In effect, the government indicated that if an employer reimburses an employee’s substantiated premiums for non-employer sponsored health insurance (directly or indirectly), payments may be excluded from the employee’s gross income, but this arrangement will constitute a group health plan. Accordingly, the arrangement is subject to the market reform provisions of the ACA applicable to group health plans (i.e., no annual limit) and inherently violates the rules because it does not contain all the requisite elements, namely no annual limits (since the benefits are inherently limited to the reimbursed amount), and there is no preventive services offering.
The same analysis applied to close the door on stand-alone health reimbursement arrangements (HRAs), with the exception of retiree HRAs. While HRAs that are “integrated with” other coverage that meets the market reforms has been a saving grace for HRAs, the government denied attempts to have “integration” of HRAs with individual market coverage or with individual policies provided under an employer payment plan.
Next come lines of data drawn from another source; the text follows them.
lemma has_derivative_pentagon_map:
  fixes f :: "'a::real_normed_field \<Rightarrow> 'a"
  assumes fy: "(f has_field_derivative f'y) (at y)"
    and fxy: "(f has_field_derivative f'xy) (at (x * y))"
    and nz: "f (x * y) \<noteq> 0"
  shows "\<exists>D. (pentagon_map f has_derivative D) (at (x, y)) \<and> jac D = x * (f y - y * f'y) / f (x * y)"
proof (intro exI conjI)
  define N where "N = (\<lambda>h. x * (f'y * snd h) + fst h * f y)"
  define P where "P = (\<lambda>h. x * snd h + fst h * y)"
  have num: "((\<lambda>p. fst p * f (snd p)) has_derivative N) (at (x, y))"
    unfolding N_def
    using has_derivative_mult[OF has_derivative_fst[OF has_derivative_ident] has_derivative_comp_snd[OF fy, of x]]
    by simp
  have den: "((\<lambda>p. f (fst p * snd p)) has_derivative (\<lambda>h. f'xy * P h)) (at (x, y))"
    unfolding P_def by (rule has_derivative_comp_fst_mult_snd[OF fxy])
  show "(pentagon_map f has_derivative
      (\<lambda>h. ((N h * f (x * y) - x * f y * (f'xy * P h)) / (f (x * y) * f (x * y)), P h))) (at (x, y))"
    using has_derivative_Pair[OF has_derivative_divide'[OF num den] has_derivative_fst_mult_snd] nz
    by (simp add: pentagon_map_def[abs_def] P_def)
  show "jac (\<lambda>h. ((N h * f (x * y) - x * f y * (f'xy * P h)) / (f (x * y) * f (x * y)), P h))
      = x * (f y - y * f'y) / f (x * y)"
    using nz by (simp add: jac_def N_def P_def field_simps)
qed

lemma has_derivative_pentagon_invariant_nonzero:
  fixes f :: "'a::real_normed_field \<Rightarrow> 'a"
  assumes fy: "(f has_field_derivative f') (at y)" and nz: "f y \<noteq> 0"
  shows "\<exists>D. (pentagon_invariant f has_derivative D) (at (x, y)) \<and> D \<noteq> (\<lambda>_. 0)"
proof (intro exI conjI)
  show "(pentagon_invariant f has_derivative (\<lambda>h. x * (f' * snd h) + fst h * f y)) (at (x, y))"
    using has_derivative_mult[OF has_derivative_fst[OF has_derivative_ident] has_derivative_comp_snd[OF fy, of x]]
    by (simp add: pentagon_invariant_def[abs_def])
  show "(\<lambda>h. x * (f' * snd h) + fst h * f y) \<noteq> (\<lambda>_. 0)"
  proof
    assume "(\<lambda>h. x * (f' * snd h) + fst h * f y) = (\<lambda>_. 0)"
    from fun_cong[OF this, of "(1, 0)"] nz show False by simp
  qed
qed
In a somewhat shocking development in 2013, the government further stated that the analysis applied regardless of whether the employer treats the money as pre-tax or post-tax to the employee.
The penalty for noncompliance is steep (generally $100 per day for each violation), so many employers were forced to make difficult decisions, including abandonment of historical practices. The government’s only proffered “solution” was an increase in taxable wages that was not tied to or contingent on obtaining health insurance. The lack of control around this type of increase in wages was simply unpalatable for many employers.
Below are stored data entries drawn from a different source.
(* Let $n\ge3$, let $\overrightarrow{C_n}$ be an oriented cycle and $D$ a distance set of $\overrightarrow{C_n}$ with $\min(D)\ge2$. If $\overrightarrow{C_n}$ is $D$-antimagic, then $\overrightarrow{C_n}$ is unidirectional.
   Context: An oriented graph is a simple graph each of whose edges is given one direction (an arc $(u,v)$ goes from $u$ to $v$). For vertices $u,v$, $d(u,v)$ is the length of a shortest directed path from $u$ to $v$ ($d(u,u)=0$, $\infty$ if no path). A distance set of an oriented graph is a nonempty set $D$ of nonnegative integers each of which is a finite distance $d(u,v)$ for some pair of vertices. $N_D(v)=\{y : d(v,y)\in D\}$; for a bijection $f:V\to\{1,\dots,|V|\}$, $\omega_D(v)=\sum_{x\in N_D(v)}f(x)$ (empty sum $0$); $f$ is $D$-antimagic if distinct vertices have distinct $D$-weights, and the graph is $D$-antimagic if such an $f$ exists. An oriented cycle $\overrightarrow{C_n}$ is an orientation of the cycle on $v_1,\dots,v_n$. It is unidirectional if (up to relabeling) its arcs are $(v_i,v_{i+1})$, $1\le i\le n-1$, and $(v_n,v_1)$. *)

theory Defs
  imports Main
begin

text \<open>An oriented cycle on n vertices is modelled on the vertices 0..n-1 (v_1..v_n of the
 paper), with underlying cycle edges {i, (i+1) mod n}; the boolean orient i says whether
 the edge {i,(i+1) mod n} is oriented forwards (arc (i,(i+1) mod n)) or backwards.\<close>

definition cycle_arcs :: "nat \<Rightarrow> (nat \<Rightarrow> bool) \<Rightarrow> (nat \<times> nat) set" where
  "cycle_arcs n orient =
     {(i, Suc i mod n) | i. i < n \<and> orient i} \<union> {(Suc i mod n, i) | i. i < n \<and> \<not> orient i}"

definition dist_is :: "('a \<times> 'a) set \<Rightarrow> 'a \<Rightarrow> 'a \<Rightarrow> nat \<Rightarrow> bool" where
  "dist_is A u v k \<longleftrightarrow> (u, v) \<in> A ^^ k \<and> (\<forall>j<k. (u, v) \<notin> A ^^ j)"

definition distance_set :: "'a set \<Rightarrow> ('a \<times> 'a) set \<Rightarrow> nat set \<Rightarrow> bool" where
  "distance_set V A D \<longleftrightarrow> D \<noteq> {} \<and> (\<forall>k\<in>D. \<exists>u\<in>V. \<exists>v\<in>V. dist_is A u v k)"

definition D_neighbourhood :: "'a set \<Rightarrow> ('a \<times> 'a) set \<Rightarrow> nat set \<Rightarrow> 'a \<Rightarrow> 'a set" where
  "D_neighbourhood V A D v = {y \<in> V. \<exists>k\<in>D. dist_is A v y k}"

definition D_weight :: "'a set \<Rightarrow> ('a \<times> 'a) set \<Rightarrow> nat set \<Rightarrow> ('a \<Rightarrow> nat) \<Rightarrow> 'a \<Rightarrow> nat" where
  "D_weight V A D f v = (\<Sum>x\<in>D_neighbourhood V A D v. f x)"

definition D_antimagic_labeling :: "'a set \<Rightarrow> ('a \<times> 'a) set \<Rightarrow> nat set \<Rightarrow> ('a \<Rightarrow> nat) \<Rightarrow> bool" where
  "D_antimagic_labeling V A D f \<longleftrightarrow>
     bij_betw f V {1..card V} \<and> inj_on (D_weight V A D f) V"

definition D_antimagic :: "'a set \<Rightarrow> ('a \<times> 'a) set \<Rightarrow> nat set \<Rightarrow> bool" where
  "D_antimagic V A D \<longleftrightarrow> (\<exists>f. D_antimagic_labeling V A D f)"

definition unidirectional :: "nat \<Rightarrow> 'a set \<Rightarrow> ('a \<times> 'a) set \<Rightarrow> bool" where
  "unidirectional n V A \<longleftrightarrow>
     (\<exists>w. bij_betw w {0..<n} V \<and> A = {(w i, w (Suc i mod n)) | i. i < n})"

end

theory Submission
  imports Defs
begin

text \<open>A vertex from which no directed walk of length 2 starts has no vertex at any distance
  \<open>k \<ge> 2\<close>, so its \<open>D\<close>-weight is the empty sum 0; an antimagic labeling allows at most one such
  vertex. On an oriented cycle whose edges do not all point the same way, look at a sink \<open>s\<close>: either it has a
  neighbour whose only out-arc points to \<open>s\<close>, or the cycle turns around a second time and has a
  second sink. Either way there are two vertices without a directed 2-walk.\<close>

lemma Domain_relpow_antimono:
  fixes A :: "('a \<times> 'a) set"
  assumes "m \<le> k"
  shows "Domain (A ^^ k) \<subseteq> Domain (A ^^ m)"
proof -
  have "A ^^ k = A ^^ m O A ^^ (k - m)"
    using assms by (metis le_add_diff_inverse relpow_add)
  then show ?thesis by blast
qed

lemma D_neighbourhood_eq_empty:
  assumes "v \<notin> Domain (A ^^ m)" and "\<forall>k\<in>D. m \<le> k"
  shows "D_neighbourhood V A D v = {}"
proof -
  have "(v, y) \<notin> A ^^ k" if "k \<in> D" for y k
    using assms Domain_relpow_antimono[of m k A] that by blast
  then show ?thesis unfolding D_neighbourhood_def dist_is_def by blast
qed

lemma D_antimagic_empty_neighbourhood_unique:
  assumes "D_antimagic V A D" and "u \<in> V" "v \<in> V"
    and "D_neighbourhood V A D u = {}" "D_neighbourhood V A D v = {}"
  shows "u = v"
proof -
  obtain f where "inj_on (D_weight V A D f) V"
    using assms(1) unfolding D_antimagic_def D_antimagic_labeling_def by blast
  moreover have "D_weight V A D f u = D_weight V A D f v"
    using assms(4,5) by (simp add: D_weight_def)
  ultimately show ?thesis
    using assms(2,3) by (meson inj_onD)
qed

lemma cycle_arc_from:
  assumes "n \<ge> 1" and "(x mod n, y) \<in> cycle_arcs n orient"
  shows "orient (x mod n) \<and> y = Suc x mod n \<or>
         \<not> orient ((x + (n - 1)) mod n) \<and> y = (x + (n - 1)) mod n"
proof -
  from assms(2) consider
    i where "orient i" "x mod n = i" "y = Suc i mod n"
  | i where "i < n" "\<not> orient i" "x mod n = Suc i mod n" "y = i"
    unfolding cycle_arcs_def by blast
  then show ?thesis
  proof cases
    case 1
    then show ?thesis by (metis mod_Suc_eq)
  next
    case 2
    have "(x + (n - 1)) mod n = (Suc i + (n - 1)) mod n"
      using 2(3) by (metis mod_add_left_eq)
    also have "\<dots> = i"
      using assms(1) 2(1) by simp
    finally show ?thesis using 2 by simp
  qed
qed

text \<open>\<open>Q i\<close> says that the cycle edge between \<open>i\<close> and \<open>i + 1\<close> points forwards; indices are read
  modulo the period \<open>n\<close>, so \<open>x + (n - 1)\<close> is the predecessor of \<open>x\<close>.\<close>

definition cycle_2path_free :: "nat \<Rightarrow> (nat \<Rightarrow> bool) \<Rightarrow> nat \<Rightarrow> bool" where
  "cycle_2path_free n Q x \<longleftrightarrow>
     \<not> (Q x \<and> Q (Suc x)) \<and> \<not> (\<not> Q (x + (n - 1)) \<and> \<not> Q (x + (n - 1) + (n - 1)))"

lemma cycle_arcs_relpow2_Domain:
  assumes "n \<ge> 1" and "cycle_2path_free n (\<lambda>i. orient (i mod n)) x"
  shows "x mod n \<notin> Domain (cycle_arcs n orient ^^ 2)"
proof
  assume "x mod n \<in> Domain (cycle_arcs n orient ^^ 2)"
  then obtain y z where xy: "(x mod n, y) \<in> cycle_arcs n orient" and yz: "(y, z) \<in> cycle_arcs n orient"
    by (auto simp: numeral_2_eq_2)
  from cycle_arc_from[OF assms(1) xy] show False
  proof
    assume fwd: "orient (x mod n) \<and> y = Suc x mod n"
    have "Suc x + (n - 1) = x + n" using assms(1) by simp
    with cycle_arc_from[OF assms(1) yz[unfolded fwd[THEN conjunct2]]] fwd assms(2)
    show False by (auto simp: cycle_2path_free_def)
  next
    assume bwd: "\<not> orient ((x + (n - 1)) mod n) \<and> y = (x + (n - 1)) mod n"
    from cycle_arc_from[OF assms(1) yz[unfolded bwd[THEN conjunct2]]] bwd assms(2)
    show False by (auto simp: cycle_2path_free_def)
  qed
qed

lemma mod_neq_of_less_add:
  fixes x y n :: nat
  assumes "x < y" "y < x + n"
  shows "x mod n \<noteq> y mod n"
proof
  assume "x mod n = y mod n"
  then have "n dvd y - x" using assms(1) by (metis less_imp_le mod_eq_dvd_iff_nat)
  moreover have "0 < y - x" "y - x < n" using assms by auto
  ultimately show False using nat_dvd_not_less by blast
qed

lemma exists_step_down:
  fixes P :: "nat \<Rightarrow> bool"
  assumes "P a" "\<not> P c" "a \<le> c"
  shows "\<exists>j. a \<le> j \<and> j < c \<and> P j \<and> \<not> P (Suc j)"
  using assms
proof (induction c)
  case 0
  then show ?case by simp
next
  case (Suc c)
  show ?case
  proof (cases "P c")
    case True
    then show ?thesis using Suc.prems by (metis le_Suc_eq lessI)
  next
    case False
    then have "a \<le> c" using Suc.prems by (metis le_Suc_eq)
    with Suc.IH[OF Suc.prems(1) False] show ?thesis by (metis less_Suc_eq)
  qed
qed

lemma mod_exists_step_down:
  assumes "n \<ge> 1" "P (a mod n)" "\<not> P (b mod n)"
  shows "\<exists>i. P (i mod n) \<and> \<not> P (Suc i mod n)"
proof -
  have "a \<le> b + a * n" using assms(1) by (metis le_add2 mult.commute mult_le_mono2 mult_1 order_trans)
  moreover have "\<not> P ((b + a * n) mod n)" using assms(3) by simp
  ultimately show ?thesis
    using exists_step_down[of "\<lambda>i. P (i mod n)"] assms(2) by blast
qed

lemma cycle_2path_free_sink:
  assumes "n \<ge> 1" "\<And>i. Q (i + n) = Q i" "Q j" "\<not> Q (Suc j)"
  shows "cycle_2path_free n Q (Suc j)"
proof -
  have "Suc j + (n - 1) = j + n" using assms(1) by simp
  then show ?thesis using assms by (simp add: cycle_2path_free_def)
qed

lemma two_cycle_2path_free:
  assumes n: "n \<ge> 3" and per: "\<And>i. Q (i + n) = Q i" and i: "Q i" "\<not> Q (Suc i)"
  shows "\<exists>x y. x mod n \<noteq> y mod n \<and> cycle_2path_free n Q x \<and> cycle_2path_free n Q y"
proof -
  have sink: "cycle_2path_free n Q (Suc j)" if "Q j" "\<not> Q (Suc j)" for j
    using cycle_2path_free_sink[OF _ per that] n by simp
  consider (pred) "Q (i + (n - 1))" | (succ) "\<not> Q (Suc (Suc i))"
    | (between) "\<not> Q (i + (n - 1))" "Q (Suc (Suc i))" by blast
  then show ?thesis
  proof cases
    case pred
    then have "cycle_2path_free n Q i" using i by (simp add: cycle_2path_free_def)
    moreover have "i mod n \<noteq> Suc i mod n" using mod_neq_of_less_add[of i "Suc i" n] n by simp
    ultimately show ?thesis using sink[OF i] by blast
  next
    case succ
    have "Suc (Suc i) + (n - 1) = Suc i + n" "Suc (Suc i) + (n - 1) + (n - 1) = i + n + n"
      using n by simp_all
    then have "cycle_2path_free n Q (Suc (Suc i))"
      using succ i per by (simp add: cycle_2path_free_def)
    moreover have "Suc i mod n \<noteq> Suc (Suc i) mod n"
      using mod_neq_of_less_add[of "Suc i" "Suc (Suc i)" n] n by simp
    ultimately show ?thesis using sink[OF i] by blast
  next
    case between
    have "Suc (Suc i) \<le> i + (n - 1)" using n by simp
    then obtain j where j: "Suc (Suc i) \<le> j" "j < i + (n - 1)" "Q j" "\<not> Q (Suc j)"
      using exists_step_down[of Q "Suc (Suc i)" "i + (n - 1)"] between by blast
    have "Suc i mod n \<noteq> Suc j mod n" using mod_neq_of_less_add[of "Suc i" "Suc j" n] j n by simp
    then show ?thesis using sink[OF i] sink[OF j(3,4)] by blast
  qed
qed

lemma unidirectional_cycle_arcs_forward:
  assumes "\<forall>i<n. orient i"
  shows "unidirectional n {0..<n} (cycle_arcs n orient)"
proof -
  have "cycle_arcs n orient = {(id i, id (Suc i mod n)) | i. i < n}"
    using assms unfolding cycle_arcs_def by auto
  then show ?thesis unfolding unidirectional_def using bij_betw_id by blast
qed

lemma cycle_arcs_backward:
  assumes "\<forall>i<n. \<not> orient i"
  shows "cycle_arcs n orient = (cycle_arcs n (\<lambda>_. True))\<inverse>"
  using assms unfolding cycle_arcs_def by auto

lemma unidirectional_converse:
  assumes "unidirectional n V A"
  shows "unidirectional n V (A\<inverse>)"
proof -
  obtain w where w: "bij_betw w {0..<n} V" and A: "A = {(w i, w (Suc i mod n)) | i. i < n}"
    using assms unfolding unidirectional_def by blast
  define \<rho> where "\<rho> i = (n - i) mod n" for i
  have \<rho>_bij: "bij_betw \<rho> {0..<n} {0..<n}"
    by (rule bij_betw_byWitness[where f' = \<rho>]) (auto simp: \<rho>_def mod_if)
  have \<rho>_Suc: "\<rho> (Suc i mod n) = n - 1 - i" and \<rho>_eq: "\<rho> i = Suc (n - 1 - i) mod n"
    if "i < n" for i
    using that by (auto simp: \<rho>_def mod_if)
  have "A\<inverse> = {(w (Suc i mod n), w i) | i. i < n}"
    using A by auto
  also have "\<dots> = {((w \<circ> \<rho>) j, (w \<circ> \<rho>) (Suc j mod n)) | j. j < n}"
  proof (intro set_eqI iffI)
    fix p assume "p \<in> {(w (Suc i mod n), w i) | i. i < n}"
    then obtain i where "i < n" "p = (w (Suc i mod n), w i)" by blast
    then show "p \<in> {((w \<circ> \<rho>) j, (w \<circ> \<rho>) (Suc j mod n)) | j. j < n}"
      using \<rho>_Suc[of "n - 1 - i"] \<rho>_eq[of "n - 1 - i"]
      by (auto intro!: exI[of _ "n - 1 - i"] simp: Suc_diff_Suc)
  next
    fix p assume "p \<in> {((w \<circ> \<rho>) j, (w \<circ> \<rho>) (Suc j mod n)) | j. j < n}"
    then obtain j where "j < n" "p = ((w \<circ> \<rho>) j, (w \<circ> \<rho>) (Suc j mod n))" by blast
    then show "p \<in> {(w (Suc i mod n), w i) | i. i < n}"
      using \<rho>_Suc[of j] \<rho>_eq[of j] by auto
  qed
  finally show ?thesis
    unfolding unidirectional_def using bij_betw_trans[OF \<rho>_bij w] by blast
qed

lemma cycle_arcs_D_antimagic_imp_constant_orientation:
  assumes "n \<ge> 3" and "\<forall>k\<in>D. k \<ge> 2" and "D_antimagic {0..<n} (cycle_arcs n orient) D"
  shows "(\<forall>i<n. orient i) \<or> (\<forall>i<n. \<not> orient i)"
proof (rule ccontr)
  have n: "n \<ge> 1" using assms(1) by simp
  assume "\<not> ?thesis"
  then obtain a b where "orient (a mod n)" "\<not> orient (b mod n)" by (metis mod_less)
  then obtain i where i: "orient (i mod n)" "\<not> orient (Suc i mod n)"
    using mod_exists_step_down[OF n] by blast
  have per: "orient ((k + n) mod n) = orient (k mod n)" for k by simp
  obtain x y where xy: "x mod n \<noteq> y mod n"
    and free: "cycle_2path_free n (\<lambda>i. orient (i mod n)) x" "cycle_2path_free n (\<lambda>i. orient (i mod n)) y"
    using two_cycle_2path_free[of n "\<lambda>i. orient (i mod n)", OF assms(1) per i] by blast
  have empty: "D_neighbourhood {0..<n} (cycle_arcs n orient) D (z mod n) = {}"
    if "cycle_2path_free n (\<lambda>i. orient (i mod n)) z" for z
    using D_neighbourhood_eq_empty[OF cycle_arcs_relpow2_Domain[OF n that]] assms(2) by blast
  have "x mod n = y mod n"
    using D_antimagic_empty_neighbourhood_unique[OF assms(3) _ _ empty[OF free(1)] empty[OF free(2)]] n
    by simp
  with xy show False ..
qed

lemma unidirectional_cycle_arcs_constant:
  assumes "(\<forall>i<n. orient i) \<or> (\<forall>i<n. \<not> orient i)"
  shows "unidirectional n {0..<n} (cycle_arcs n orient)"
  using assms
proof
  assume "\<forall>i<n. \<not> orient i"
  then show ?thesis
    using unidirectional_converse[OF unidirectional_cycle_arcs_forward[of n "\<lambda>_. True"]]
    by (simp add: cycle_arcs_backward)
qed (rule unidirectional_cycle_arcs_forward)

theorem mainTheorem6:
  fixes n :: nat and orient :: "nat \<Rightarrow> bool" and D :: "nat set"
  assumes "n \<ge> 3"
    and "distance_set {0..<n} (cycle_arcs n orient) D"
    and "\<forall>k\<in>D. k \<ge> 2"
    and "D_antimagic {0..<n} (cycle_arcs n orient) D"
  shows "unidirectional n {0..<n} (cycle_arcs n orient)"
  using cycle_arcs_D_antimagic_imp_constant_orientation[OF assms(1,3,4)]
  by (rule unidirectional_cycle_arcs_constant)

end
Apparently responding to the extreme criticism, the 21st Century Cures Act, which was recently signed into law by President Obama, attempts a solution for certain eligible small employers with less than 50 full-time employees. Effective January 1, 2017, these employers will be allowed to offer a new, special HRA arrangement, called a qualified small employer health reimbursement arrangement (QSEHRA).
In order to qualify as a QSEHRA, the arrangement must:
- Be provided on the same terms to all eligible employees of the eligible employer;
- Be funded solely by an eligible employer (i.e., no salary reduction contributions);
- Mandate provision of “proof of coverage” before the payment or reimbursement of benefits;
- Limit the amount of payments and reimbursements for any year to no more than $4,950 ($10,000 in the case of an arrangement that covers family members of the employee); and
- No later than 90 days before the beginning of a year in which the arrangement will be adopted, issue a specific written notice to all eligible employees.
A few notes:
- The limit set forth in prong (4.) above will be adjusted for inflation.
- An arrangement will not fail to be treated as provided on the same terms to each eligible employee merely because benefit amounts are varied based on the price of an insurance policy in the relevant individual health insurance market, which may be based on the age of the employee and eligible family members and/or the number of family members covered.
Employers looking to adopt a QSEHRA should obtain assistance to design the program in compliance with the new rules and timely draft and circulate the required notice.